Naturnah - aber gezielt!
Wildblumen haben ihren Platz außerhalb der Gemüsebeete. Insekten kriegen nicht nur ein Hotel aufgehängt. Sie dürfen sich auch im Totholz tummeln, das an verschiedenen Stellen im Garten liegt.
Den Ohrenzwickern legt Lore Gräff extra Tontöpfe zwischen die Blumen, die mit Stroh gefüllt sind. Denn Ohrenzwicker fressen Blattläuse und Milben. Und weil viele Wildbienen- und Hummelarten, sich im Boden aufhalten, ist auch dafür Platz.
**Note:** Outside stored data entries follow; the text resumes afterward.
(* Let $n\in\{3,4,5,\dots\}\cup\{\infty\}$ and let $\Omega_n$ be the regular polygon state space. There exists a function $S:\Omega_n\to\mathbb R$ such that $S(\sigma)=0$ for every pure state $\sigma$ of $\Omega_n$ and such that $$S\Big(\sum_{i=1}^lp_i\omega_i\Big)=\sum_{i=1}^lp_iS(\omega_i)-\sum_{i=1}^lp_i\log p_i$$ for every finite perfectly distinguishable family $\{\omega_1,\dots,\omega_l\}\subset\Omega_n$ and every probability vector $(p_1,\dots,p_l)$ (with $0\log0=0$), if and only if $n=3$ or $n=\infty$.
   Context: For finite $n\ge3$, $\Omega_n\subset\mathbb R^3$ is the convex hull of the points $\omega_i^n=(r_n\cos\frac{2\pi i}{n},\,r_n\sin\frac{2\pi i}{n},\,1)$, $i=0,\dots,n-1$, where $r_n=\sqrt{1/\cos(\pi/n)}$; $\Omega_\infty=\{(x,y,1):x^2+y^2\le1\}$. Pure states are the extreme points of $\Omega_n$. Effects are the linear functionals $e$ on $\mathbb R^3$ with $0\le e(\omega)\le1$ for all $\omega\in\Omega_n$ (no-restriction), and the unit effect $u$ is the one with $u\equiv1$ on $\Omega_n$. A family $\{\omega_1,\dots,\omega_l\}$ of states is perfectly distinguishable if there exist effects $e_1,\dots,e_l$ with $\sum_ie_i=u$ and $e_i(\omega_j)=\delta_{ij}$. *)

theory Defs
  imports "HOL-Analysis.Analysis" "HOL-Library.Extended_Nat"
begin

definition polygon_radius :: "nat \<Rightarrow> real" where
  "polygon_radius m = sqrt (1 / cos (pi / real m))"

definition polygon_vertex :: "nat \<Rightarrow> nat \<Rightarrow> real^3" where
  "polygon_vertex m i =
     vector [polygon_radius m * cos (2 * pi * real i / real m),
             polygon_radius m * sin (2 * pi * real i / real m), 1]"

definition Omega :: "enat \<Rightarrow> (real^3) set" where
  "Omega n = (case n of
      enat m \<Rightarrow> convex hull {polygon_vertex m i | i. i < m}
    | \<infinity> \<Rightarrow> {v. v $ 3 = 1 \<and> (v $ 1)\<^sup>2 + (v $ 2)\<^sup>2 \<le> 1})"

definition pure_states :: "enat \<Rightarrow> (real^3) set" where
  "pure_states n = {x. x extreme_point_of Omega n}"

text \<open>Effects: linear functionals on R^3, represented by a vector a via \<open>\<omega> \<mapsto> a \<bullet> \<omega>\<close>
  (no-restriction hypothesis).\<close>

definition is_effect :: "enat \<Rightarrow> real^3 \<Rightarrow> bool" where
  "is_effect n a \<longleftrightarrow> (\<forall>\<omega>\<in>Omega n. 0 \<le> a \<bullet> \<omega> \<and> a \<bullet> \<omega> \<le> 1)"

definition unit_effect :: "enat \<Rightarrow> real^3" where
  "unit_effect n = (THE u. is_effect n u \<and> (\<forall>\<omega>\<in>Omega n. u \<bullet> \<omega> = 1))"

definition perfectly_distinguishable :: "enat \<Rightarrow> nat \<Rightarrow> (nat \<Rightarrow> real^3) \<Rightarrow> bool" where
  "perfectly_distinguishable n l \<omega> \<longleftrightarrow>
     (\<exists>e :: nat \<Rightarrow> real^3.
        (\<forall>i<l. is_effect n (e i)) \<and>
        (\<Sum>i<l. e i) = unit_effect n \<and>
        (\<forall>i<l. \<forall>j<l. e i \<bullet> \<omega> j = (if i = j then 1 else 0)))"

definition plogp :: "real \<Rightarrow> real" where
  "plogp p = (if p = 0 then 0 else p * ln p)"

definition entropy_like :: "enat \<Rightarrow> (real^3 \<Rightarrow> real) \<Rightarrow> bool" where
  "entropy_like n S \<longleftrightarrow>
     (\<forall>\<sigma>\<in>pure_states n. S \<sigma> = 0) \<and>
     (\<forall>l (\<omega> :: nat \<Rightarrow> real^3) (p :: nat \<Rightarrow> real).
        (\<forall>i<l. \<omega> i \<in> Omega n) \<and> perfectly_distinguishable n l \<omega> \<and>
        (\<forall>i<l. 0 \<le> p i) \<and> (\<Sum>i<l. p i) = 1 \<longrightarrow>
        S (\<Sum>i<l. p i *\<^sub>R \<omega> i) = (\<Sum>i<l. p i * S (\<omega> i)) - (\<Sum>i<l. plogp (p i)))"

end

theory Submission
  imports Defs
begin

text \<open>An entropy-like \<open>S\<close> extends to the cone over the state space by
  \<open>F y = y$3 * S (y /\<^sub>R y$3) + eta (y$3)\<close> with \<open>eta t = - t ln t\<close>, and the mixing law says that
  \<open>F\<close> is additive on perfectly distinguishable pairs.
  For a regular polygon with \<open>m \<ge> 4\<close> vertices, the two edges at a vertex carry effects
  separating that vertex and its neighbours from an opposite vertex. Splitting one cone vector along
  either edge, in two ways, leaves an identity for \<open>eta\<close> alone, and elementary bounds on \<open>ln\<close>
  show that it fails (with different configurations for odd and even \<open>m\<close>).
  For the triangle, distinguishable states have disjoint supports in barycentric coordinates, so
  the Shannon entropy of these coordinates is entropy-like. For the disc, distinguishable families
  are antipodal pairs of pure states, so the binary entropy of \<open>(1 \<plusminus> |v|) / 2\<close> is entropy-like.\<close>

section \<open>Geometry of the polygon state spaces\<close>

lemma polygon_vertex_nth:
  "polygon_vertex m i $ 1 = polygon_radius m * cos (2 * pi * real i / real m)"
  "polygon_vertex m i $ 2 = polygon_radius m * sin (2 * pi * real i / real m)"
  "polygon_vertex m i $ 3 = 1"
  by (simp_all add: polygon_vertex_def)

lemma polygon_vertex_eq_polar:
  assumes "2 * pi * real i / real m = \<theta>"
  shows "polygon_vertex m i = vector [polygon_radius m * cos \<theta>, polygon_radius m * sin \<theta>, 1]"
  using assms by (simp add: polygon_vertex_def)

lemma inner_vec3: "(a::real^3) \<bullet> b = a$1 * b$1 + a$2 * b$2 + a$3 * b$3"
  by (simp add: inner_vec_def sum_3)

lemma vec3_eq_iff: "(x::real^3) = y \<longleftrightarrow> x$1 = y$1 \<and> x$2 = y$2 \<and> x$3 = y$3"
  by (simp add: vec_eq_iff forall_3)

lemma inner_axis3: "axis 3 1 \<bullet> (x::real^3) = x $ 3"
  by (simp add: inner_axis')

lemma polygon_radius_pos:
  assumes "m \<ge> 3"
  shows "polygon_radius m > 0"
proof -
  have "pi / real m \<le> pi / 3" using assms by (intro divide_left_mono) auto
  also have "\<dots> < pi / 2" by simp
  finally have "cos (pi / real m) > 0"
    using assms by (intro cos_gt_zero) (auto intro: less_le_trans[of _ 0])
  then show ?thesis by (simp add: polygon_radius_def)
qed

lemma Omega_enat: "Omega (enat m) = convex hull {polygon_vertex m i | i. i < m}"
  by (simp add: Omega_def)

lemma Omega_infinity: "v \<in> Omega \<infinity> \<longleftrightarrow> v$3 = 1 \<and> (v$1)\<^sup>2 + (v$2)\<^sup>2 \<le> 1"
  by (simp add: Omega_def)

lemma convex_Omega: "convex (Omega n)"
proof (cases n)
  case infinity
  have "Omega \<infinity> = {v. axis 3 1 \<bullet> v = 1} \<inter> cball 0 (sqrt 2)"
    by (auto simp: Omega_infinity norm_eq_sqrt_inner inner_vec3 axis_def power2_eq_square)
  then show ?thesis
    using infinity by (simp add: convex_Int convex_hyperplane)
qed (simp add: Omega_enat)

lemma polygon_vertex_in_Omega: "i < m \<Longrightarrow> polygon_vertex m i \<in> Omega (enat m)"
  unfolding Omega_enat by (rule hull_inc) blast

lemma Omega_nth_3:
  assumes "\<omega> \<in> Omega n"
  shows "\<omega> $ 3 = 1"
proof (cases n)
  case (enat m)
  have "convex {x::real^3. x $ 3 = 1}"
    unfolding convex_def by (auto simp: algebra_simps)
  then have "convex hull {polygon_vertex m i | i. i < m} \<subseteq> {x::real^3. x $ 3 = 1}"
    by (intro hull_minimal) (auto simp: polygon_vertex_nth)
  then show ?thesis using assms enat by (auto simp: Omega_enat)
next
  case infinity
  then show ?thesis using assms by (simp add: Omega_infinity)
qed

lemma is_effect_enatI:
  assumes "\<And>i. i < m \<Longrightarrow> 0 \<le> a \<bullet> polygon_vertex m i \<and> a \<bullet> polygon_vertex m i \<le> 1"
  shows "is_effect (enat m) a"
proof -
  have "convex ({x. a \<bullet> x \<ge> 0} \<inter> {x. a \<bullet> x \<le> 1})"
    by (intro convex_Int convex_halfspace_le convex_halfspace_ge)
  then have "convex hull {polygon_vertex m i | i. i < m} \<subseteq> {x. a \<bullet> x \<ge> 0} \<inter> {x. a \<bullet> x \<le> 1}"
    by (intro hull_minimal) (use assms in auto)
  then show ?thesis unfolding is_effect_def Omega_enat by auto
qed

lemma unit_effect_eqI:
  assumes "\<And>u. \<forall>\<omega>\<in>Omega n. u \<bullet> \<omega> = 1 \<Longrightarrow> u = axis 3 1"
  shows "unit_effect n = axis 3 1"
  unfolding unit_effect_def
proof (rule the_equality)
  show "is_effect n (axis 3 1) \<and> (\<forall>\<omega>\<in>Omega n. axis 3 1 \<bullet> \<omega> = 1)"
    by (auto simp: is_effect_def inner_axis3 Omega_nth_3)
qed (use assms in blast)

lemma unit_effect_enat:
  assumes "m \<ge> 3"
  shows "unit_effect (enat m) = axis 3 1"
proof (rule unit_effect_eqI)
  fix u :: "real^3"
  assume u: "\<forall>\<omega>\<in>Omega (enat m). u \<bullet> \<omega> = 1"
  define r where "r = polygon_radius m"
  define c where "c = cos (2 * pi / real m)"
  define s where "s = sin (2 * pi / real m)"
  have "r > 0" using polygon_radius_pos[OF assms] by (simp add: r_def)
  have "0 < 2 * pi / real m" "2 * pi / real m < pi"
    using assms by (simp_all add: field_simps)
  then have "s > 0" "c < 1"
    using cos_monotone_0_pi[of 0 "2 * pi / real m"] by (auto simp: s_def c_def sin_gt_zero)
  have "2 * pi * (real m - 1) / real m = 2 * pi - 2 * pi / real m"
    using assms by (simp add: field_simps)
  then have last: "cos (2 * pi * (real m - 1) / real m) = c"
    "sin (2 * pi * (real m - 1) / real m) = - s"
    by (simp_all add: c_def s_def cos_diff sin_diff)
  have "u \<bullet> polygon_vertex m i = 1" if "i < m" for i
    using u polygon_vertex_in_Omega[OF that] by blast
  from this[of 0] this[of 1] this[of "m - 1"] assms
  have "u$1 * r + u$3 = 1" "u$1 * (r * c) + u$2 * (r * s) + u$3 = 1"
    "u$1 * (r * c) - u$2 * (r * s) + u$3 = 1"
    by (simp_all add: inner_vec3 polygon_vertex_nth last r_def c_def s_def)
  moreover from this have "u$2 * (r * s) = 0" by linarith
  with \<open>r > 0\<close> \<open>s > 0\<close> have "u$2 = 0" by simp
  ultimately have "u$3 + r * u$1 = 1" "u$3 + c * (r * u$1) = 1"
    by (simp_all add: algebra_simps)
  then have "(1 - c) * (r * u$1) = 0"
    by (simp only: left_diff_distrib)
  with \<open>r > 0\<close> \<open>c < 1\<close> \<open>u$2 = 0\<close> \<open>u$3 + r * u$1 = 1\<close> show "u = axis 3 1"
    by (simp add: vec3_eq_iff axis_def)
qed

lemma unit_effect_infinity: "unit_effect \<infinity> = axis 3 1"
proof (rule unit_effect_eqI)
  fix u :: "real^3"
  assume u: "\<forall>\<omega>\<in>Omega \<infinity>. u \<bullet> \<omega> = 1"
  have "vector [1, 0, 1] \<in> Omega \<infinity>" "vector [-1, 0, 1] \<in> Omega \<infinity>" "vector [0, 1, 1] \<in> Omega \<infinity>"
    by (auto simp: Omega_infinity)
  with u have "u$1 + u$3 = 1" "- u$1 + u$3 = 1" "u$2 + u$3 = 1"
    by (auto simp: inner_vec3)
  then show "u = axis 3 1" by (simp add: vec3_eq_iff axis_def)
qed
Insekten sorgen für einen gesunden Garten. Sie halten Schädlinge in Schach und bestäuben nicht nur Blumen, sondern auch unsere angebauten Lebensmittel, sagt Gräff. So hilft das wilde Wachstum im einen Beet auch den ordentlich gehegten Nutzpflanzen.
Der richtige Dünger wächst bereits im Garten: Brennesseln
Der optimale Dünger wächst im naturnahen Garten von ganz allein: Brennnesseln. "Die darf mein Mann nicht abmähen. Die stehen halt gezielt an einem Eck. Im Laufe des Monats Juli ernte ich die Blätter ab, gebe ein bisschen Wasser dazu und vermuse die. Und diese Paste wiederum hacke ich dann auch bei den Pflanzen unter", sagt Lore Gräff.
Anders als Brennnesseljauche stinkt das Mus nicht, düngt aber genauso gut, die Tomaten zum Beispiel. Die brauchen als sogenannte Starkzehrer nämlich reichlich Stickstoff, weiß Lore Gräff. Und Brennnesseln bieten den. Ansonsten düngt sie hauptsächlich mit Hornspänen und Eierschalen.
Pflanzen mit Heimvorteil
Und noch einen großen Vorteil hat der Wildwuchs im Blumenbeet: Die einheimischen Pflanzen, die hier von ganz alleine wachsen, sind an die Bedingungen vor Ort sehr gut angepasst.
Sie verbrauchen zum Beispiel viel weniger Wasser als die bei vielen Gärtnern beliebten Thuja oder Oleander. Dadurch können mehr Pflanzen auf dem gleichen Raum leben. Das freut die Insekten und - spätestens bei der Ernte - auch Lore Gräff.